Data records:
========================================================================

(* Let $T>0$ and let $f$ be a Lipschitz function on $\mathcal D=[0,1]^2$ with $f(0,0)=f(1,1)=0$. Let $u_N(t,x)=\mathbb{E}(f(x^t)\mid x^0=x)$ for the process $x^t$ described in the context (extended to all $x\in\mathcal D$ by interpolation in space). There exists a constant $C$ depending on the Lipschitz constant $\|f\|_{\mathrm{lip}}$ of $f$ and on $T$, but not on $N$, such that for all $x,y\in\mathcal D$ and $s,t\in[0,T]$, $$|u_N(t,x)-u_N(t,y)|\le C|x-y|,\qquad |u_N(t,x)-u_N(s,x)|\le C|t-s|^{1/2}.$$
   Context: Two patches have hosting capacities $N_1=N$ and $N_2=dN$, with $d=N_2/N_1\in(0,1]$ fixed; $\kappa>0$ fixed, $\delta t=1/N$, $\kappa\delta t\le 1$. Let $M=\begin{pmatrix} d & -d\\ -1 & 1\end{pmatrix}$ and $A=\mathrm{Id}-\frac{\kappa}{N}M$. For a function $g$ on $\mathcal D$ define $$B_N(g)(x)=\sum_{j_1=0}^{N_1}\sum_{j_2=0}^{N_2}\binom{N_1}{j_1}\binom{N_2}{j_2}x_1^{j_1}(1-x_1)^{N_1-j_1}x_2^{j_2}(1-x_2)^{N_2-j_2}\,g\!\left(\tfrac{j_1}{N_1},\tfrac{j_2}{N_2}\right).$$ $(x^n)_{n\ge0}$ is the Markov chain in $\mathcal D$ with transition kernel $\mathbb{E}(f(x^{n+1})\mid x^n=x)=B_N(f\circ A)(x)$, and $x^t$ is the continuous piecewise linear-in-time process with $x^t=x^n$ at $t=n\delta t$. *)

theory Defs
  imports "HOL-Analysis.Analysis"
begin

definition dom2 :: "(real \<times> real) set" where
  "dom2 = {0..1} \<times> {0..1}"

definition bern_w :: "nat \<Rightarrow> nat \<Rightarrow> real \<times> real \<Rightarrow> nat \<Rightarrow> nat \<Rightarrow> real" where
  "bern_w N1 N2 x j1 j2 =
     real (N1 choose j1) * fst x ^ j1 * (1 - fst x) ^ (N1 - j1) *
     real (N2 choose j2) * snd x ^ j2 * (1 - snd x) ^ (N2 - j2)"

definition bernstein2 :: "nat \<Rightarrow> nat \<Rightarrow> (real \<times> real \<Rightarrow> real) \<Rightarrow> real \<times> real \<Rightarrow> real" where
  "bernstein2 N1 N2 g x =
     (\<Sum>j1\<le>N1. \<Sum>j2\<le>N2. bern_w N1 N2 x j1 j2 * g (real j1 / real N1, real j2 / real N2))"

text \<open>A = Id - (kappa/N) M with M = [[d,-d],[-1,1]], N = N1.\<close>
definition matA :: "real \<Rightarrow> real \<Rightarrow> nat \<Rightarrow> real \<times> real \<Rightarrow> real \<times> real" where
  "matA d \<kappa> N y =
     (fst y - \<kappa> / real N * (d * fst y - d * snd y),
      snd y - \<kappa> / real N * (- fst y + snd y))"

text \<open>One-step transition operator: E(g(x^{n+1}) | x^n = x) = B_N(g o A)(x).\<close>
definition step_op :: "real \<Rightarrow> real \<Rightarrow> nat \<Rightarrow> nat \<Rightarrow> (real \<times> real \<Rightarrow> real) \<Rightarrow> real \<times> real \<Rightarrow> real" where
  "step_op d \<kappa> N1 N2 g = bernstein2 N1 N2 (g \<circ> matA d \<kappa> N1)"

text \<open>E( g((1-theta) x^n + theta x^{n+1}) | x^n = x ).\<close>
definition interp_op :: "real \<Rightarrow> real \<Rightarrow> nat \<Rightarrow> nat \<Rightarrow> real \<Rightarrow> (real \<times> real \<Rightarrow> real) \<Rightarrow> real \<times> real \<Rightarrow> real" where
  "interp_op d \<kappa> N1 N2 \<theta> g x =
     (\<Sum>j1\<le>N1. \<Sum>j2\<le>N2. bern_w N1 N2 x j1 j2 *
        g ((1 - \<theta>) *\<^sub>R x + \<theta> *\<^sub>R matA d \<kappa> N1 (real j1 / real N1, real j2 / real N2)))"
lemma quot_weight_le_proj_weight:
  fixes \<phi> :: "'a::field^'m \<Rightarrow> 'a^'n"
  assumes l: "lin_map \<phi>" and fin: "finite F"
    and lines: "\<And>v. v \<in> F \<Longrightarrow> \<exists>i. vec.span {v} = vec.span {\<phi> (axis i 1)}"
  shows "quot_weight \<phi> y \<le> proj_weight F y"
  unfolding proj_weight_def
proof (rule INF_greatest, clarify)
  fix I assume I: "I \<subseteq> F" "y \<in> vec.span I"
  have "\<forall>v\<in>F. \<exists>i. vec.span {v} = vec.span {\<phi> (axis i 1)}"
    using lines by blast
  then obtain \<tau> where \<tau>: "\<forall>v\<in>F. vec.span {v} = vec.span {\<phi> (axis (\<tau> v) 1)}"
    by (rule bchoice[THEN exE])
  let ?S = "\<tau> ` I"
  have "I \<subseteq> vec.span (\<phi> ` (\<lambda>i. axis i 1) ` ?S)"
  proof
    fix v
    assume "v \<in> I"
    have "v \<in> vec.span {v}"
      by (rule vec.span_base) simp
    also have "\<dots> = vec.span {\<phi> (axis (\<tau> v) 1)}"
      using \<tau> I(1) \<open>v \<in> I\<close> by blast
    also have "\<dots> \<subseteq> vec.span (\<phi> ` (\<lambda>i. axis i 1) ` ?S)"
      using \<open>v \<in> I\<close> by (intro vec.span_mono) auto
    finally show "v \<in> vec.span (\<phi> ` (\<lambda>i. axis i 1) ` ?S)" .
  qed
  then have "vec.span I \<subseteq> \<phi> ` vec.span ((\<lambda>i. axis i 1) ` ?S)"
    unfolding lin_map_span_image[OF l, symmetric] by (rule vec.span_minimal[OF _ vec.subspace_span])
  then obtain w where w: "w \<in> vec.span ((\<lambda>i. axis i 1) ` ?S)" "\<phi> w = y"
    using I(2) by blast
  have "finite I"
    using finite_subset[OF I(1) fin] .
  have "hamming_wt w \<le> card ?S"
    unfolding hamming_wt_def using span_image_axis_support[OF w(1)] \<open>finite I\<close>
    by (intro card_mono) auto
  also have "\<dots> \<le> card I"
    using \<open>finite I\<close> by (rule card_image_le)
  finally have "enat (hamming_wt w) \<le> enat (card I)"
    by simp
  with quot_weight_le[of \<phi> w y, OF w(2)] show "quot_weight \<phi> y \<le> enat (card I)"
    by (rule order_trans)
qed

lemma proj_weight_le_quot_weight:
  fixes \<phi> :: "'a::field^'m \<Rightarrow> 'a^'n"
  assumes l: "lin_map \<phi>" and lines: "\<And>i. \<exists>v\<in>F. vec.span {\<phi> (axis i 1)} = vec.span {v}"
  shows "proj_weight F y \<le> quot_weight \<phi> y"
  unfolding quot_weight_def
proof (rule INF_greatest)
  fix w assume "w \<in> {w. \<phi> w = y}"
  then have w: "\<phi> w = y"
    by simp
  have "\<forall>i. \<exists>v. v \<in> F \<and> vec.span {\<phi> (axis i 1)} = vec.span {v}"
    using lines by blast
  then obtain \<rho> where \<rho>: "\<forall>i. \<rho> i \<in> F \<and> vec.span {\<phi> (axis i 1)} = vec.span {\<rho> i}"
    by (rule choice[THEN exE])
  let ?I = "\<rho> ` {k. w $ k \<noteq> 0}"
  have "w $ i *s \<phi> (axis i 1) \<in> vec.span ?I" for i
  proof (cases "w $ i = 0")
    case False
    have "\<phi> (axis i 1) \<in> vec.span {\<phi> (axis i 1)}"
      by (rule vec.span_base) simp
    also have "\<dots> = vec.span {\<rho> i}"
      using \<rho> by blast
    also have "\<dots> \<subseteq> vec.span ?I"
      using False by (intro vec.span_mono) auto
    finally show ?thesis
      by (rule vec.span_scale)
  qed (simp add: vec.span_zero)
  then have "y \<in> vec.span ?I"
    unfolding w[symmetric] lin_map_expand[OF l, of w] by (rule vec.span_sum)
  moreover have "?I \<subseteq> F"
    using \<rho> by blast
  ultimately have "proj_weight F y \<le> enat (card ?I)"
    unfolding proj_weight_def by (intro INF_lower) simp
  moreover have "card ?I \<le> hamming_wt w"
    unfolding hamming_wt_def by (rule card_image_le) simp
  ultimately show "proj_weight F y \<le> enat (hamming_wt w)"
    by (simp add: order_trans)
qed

========================================================================

> Prompt: Only lines containing the string "lemma" belong in the answer; find them in the data above and copy them.

> Response:
lemma quot_weight_le_proj_weight:
lemma proj_weight_le_quot_weight:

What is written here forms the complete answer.